As Major League Baseball investigates the events surrounding Tampa Bay’s tardy arrival for a botched doubleheader at the Stadium on Monday, the Yankees were still waiting to hear from commissioner Bud Selig yesterday about getting back some of the estimated $2-3 million they spent rescheduling the aborted twinbill.

Because Hurricane Frances tore through Florida last weekend, the Devil Rays did not travel until Monday for that day’s scheduled games, ran into severe delays, and did not arrive in New York until it was too late to play two. Instead, the Yanks and Rays played one game Monday and rescheduled the missed game to be played yesterday in a doubleheader (which was rained out). The total cost to the Yankees organization was estimated between $2-3 million.

There were 25,836 hot dogs and 25,296 sodas issued to fans who hung around the Stadium all day Monday, which cost a significant chunk of change, in addition to staffing what the Yankees thought would be two games on Labor Day.

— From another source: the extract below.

(* Let $m=pq$ with $p,q$ distinct primes, let $(K_n,\alpha)$ be an edge-labeled complete graph over $\mathbb{Z}/m\mathbb{Z}$ on $v_1,\dots,v_n$ (every edge labeled by $\langle p\rangle$ or $\langle q\rangle$), and let $(K_{n+1},\alpha)$ be obtained by adding a vertex $v_{n+1}$ joined to each of $v_1,\dots,v_n$ (the star $S_n$), keeping the labels on the edges of $K_n$ and labeling the new edges $v_jv_{n+1}$ by $\langle p\rangle$ or $\langle q\rangle$. Suppose that $[\mathbb{Z}/m\mathbb{Z}]_{(K_n,\alpha)}$ has a minimum generating set consisting of the trivial spline $(1,\dots,1)$ and $i-1$ other flow-up splines (for some $1<i\le n$), each of whose entries lies in the ideal $\langle p\rangle$. Then: (a) if all edge labels of the added star $S_n$ are contained in $\langle p\rangle$, then $\operatorname{rk}[\mathbb{Z}/m\mathbb{Z}]_{(K_{n+1},\alpha)}=\operatorname{rk}[\mathbb{Z}/m\mathbb{Z}]_{(K_n,\alpha)}+1$; (b) if exactly one edge label of the added star $S_n$ is contained in $\langle q\rangle$ and the others are contained in $\langle p\rangle$, then $\operatorname{rk}[\mathbb{Z}/m\mathbb{Z}]_{(K_{n+1},\alpha)}=\operatorname{rk}[\mathbb{Z}/m\mathbb{Z}]_{(K_n,\alpha)}$.
   Context: Edges are labeled by nonzero proper ideals of $\mathbb{Z}/m\mathbb{Z}$. A spline on an edge-labeled graph $(G,\alpha)$ over $\mathbb{Z}/m\mathbb{Z}$ is a vector $(f_{v_1},\dots,f_{v_n})\in(\mathbb{Z}/m\mathbb{Z})^n$ with $f_{v_i}-f_{v_j}\in\alpha(v_iv_j)$ for every edge; the splines form a $\mathbb{Z}$-module $[\mathbb{Z}/m\mathbb{Z}]_{(G,\alpha)}$. An $i$-th flow-up class (flow-up spline) is a spline with $f_{v_i}\ne0$ and $f_{v_t}=0$ for $t<i$. A minimum generating set is a generating set of the $\mathbb{Z}$-module of smallest possible size; that size is the rank $\operatorname{rk}$. *)

theory Defs
  imports "HOL-Computational_Algebra.Primes"
begin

Fans in attendance also were given rain checks they could use at any of the Yankees’ remaining home games this season.

The Yankees have submitted a bill to Selig and MLB, with the league and the Devil Rays expected to help cover some of that money lost.

“It’s in his lap,” George Steinbrenner said of Selig as the Boss entered Yankee Stadium just before 3 p.m. yesterday. “He’s got to do something.”

Steinbrenner’s rain-soaked comment was much less biting than those he uttered a day before, when he came close to calling Selig and Bob DuPuy, MLB president and COO, liars, in reference to the many versions of Tampa Bay’s travel itinerary that have been floating around, both in public and behind closed doors. The Boss, in danger of being fined by MLB, was quoted saying, “If DuPuy and Selig are lying, then they should be called on it. We want the truth to be told and then you’ll see how we’ve been put upon.”

DuPuy said of being called a liar, “He certainly intimated that. The idea that the commissioner’s office would lie to the Yankees about the schedule of games is preposterous. There is no advantage to doing that. What would we be lying about? All we tried to do all weekend is accommodate them and keep them informed of Tampa Bay’s efforts to get to New York. I warned them Sunday that [Tampa Bay] had not gotten a charter and that they would convene at [Tropicana Field] at 8 a.m.”

DuPuy said he spoke to Steinbrenner and Yankees execs Randy Levine, Lonn Trost and GM Brian Cashman at 1 p.m. Sunday.

“They told me that if Tampa Bay wasn’t there by 1 p.m. they would take the field for a forfeit and that one-half hour later they wanted the second game to start,” DuPuy said. “I told them that wasn’t going to happen.”

Instead, DuPuy gave the Yankees three options on Saturday, two days before the scheduled games. A forfeit wasn’t one of them.

“I said they could cancel [Monday’s doubleheader] and reschedule doubleheaders for Tuesday and Wednesday,” DuPuy said. “Or they could delay the start of the first game [Monday] until Tampa Bay arrives and play the doubleheader. Or play one game [Monday] and reschedule the other as a doubleheader Tuesday, Wednesday or Thursday.

“At the end of Saturday, after they beat the Orioles, we talked and they asked if it would help if they delayed the start of the first game to 3 p.m., and I said any delay would help,” DuPuy said.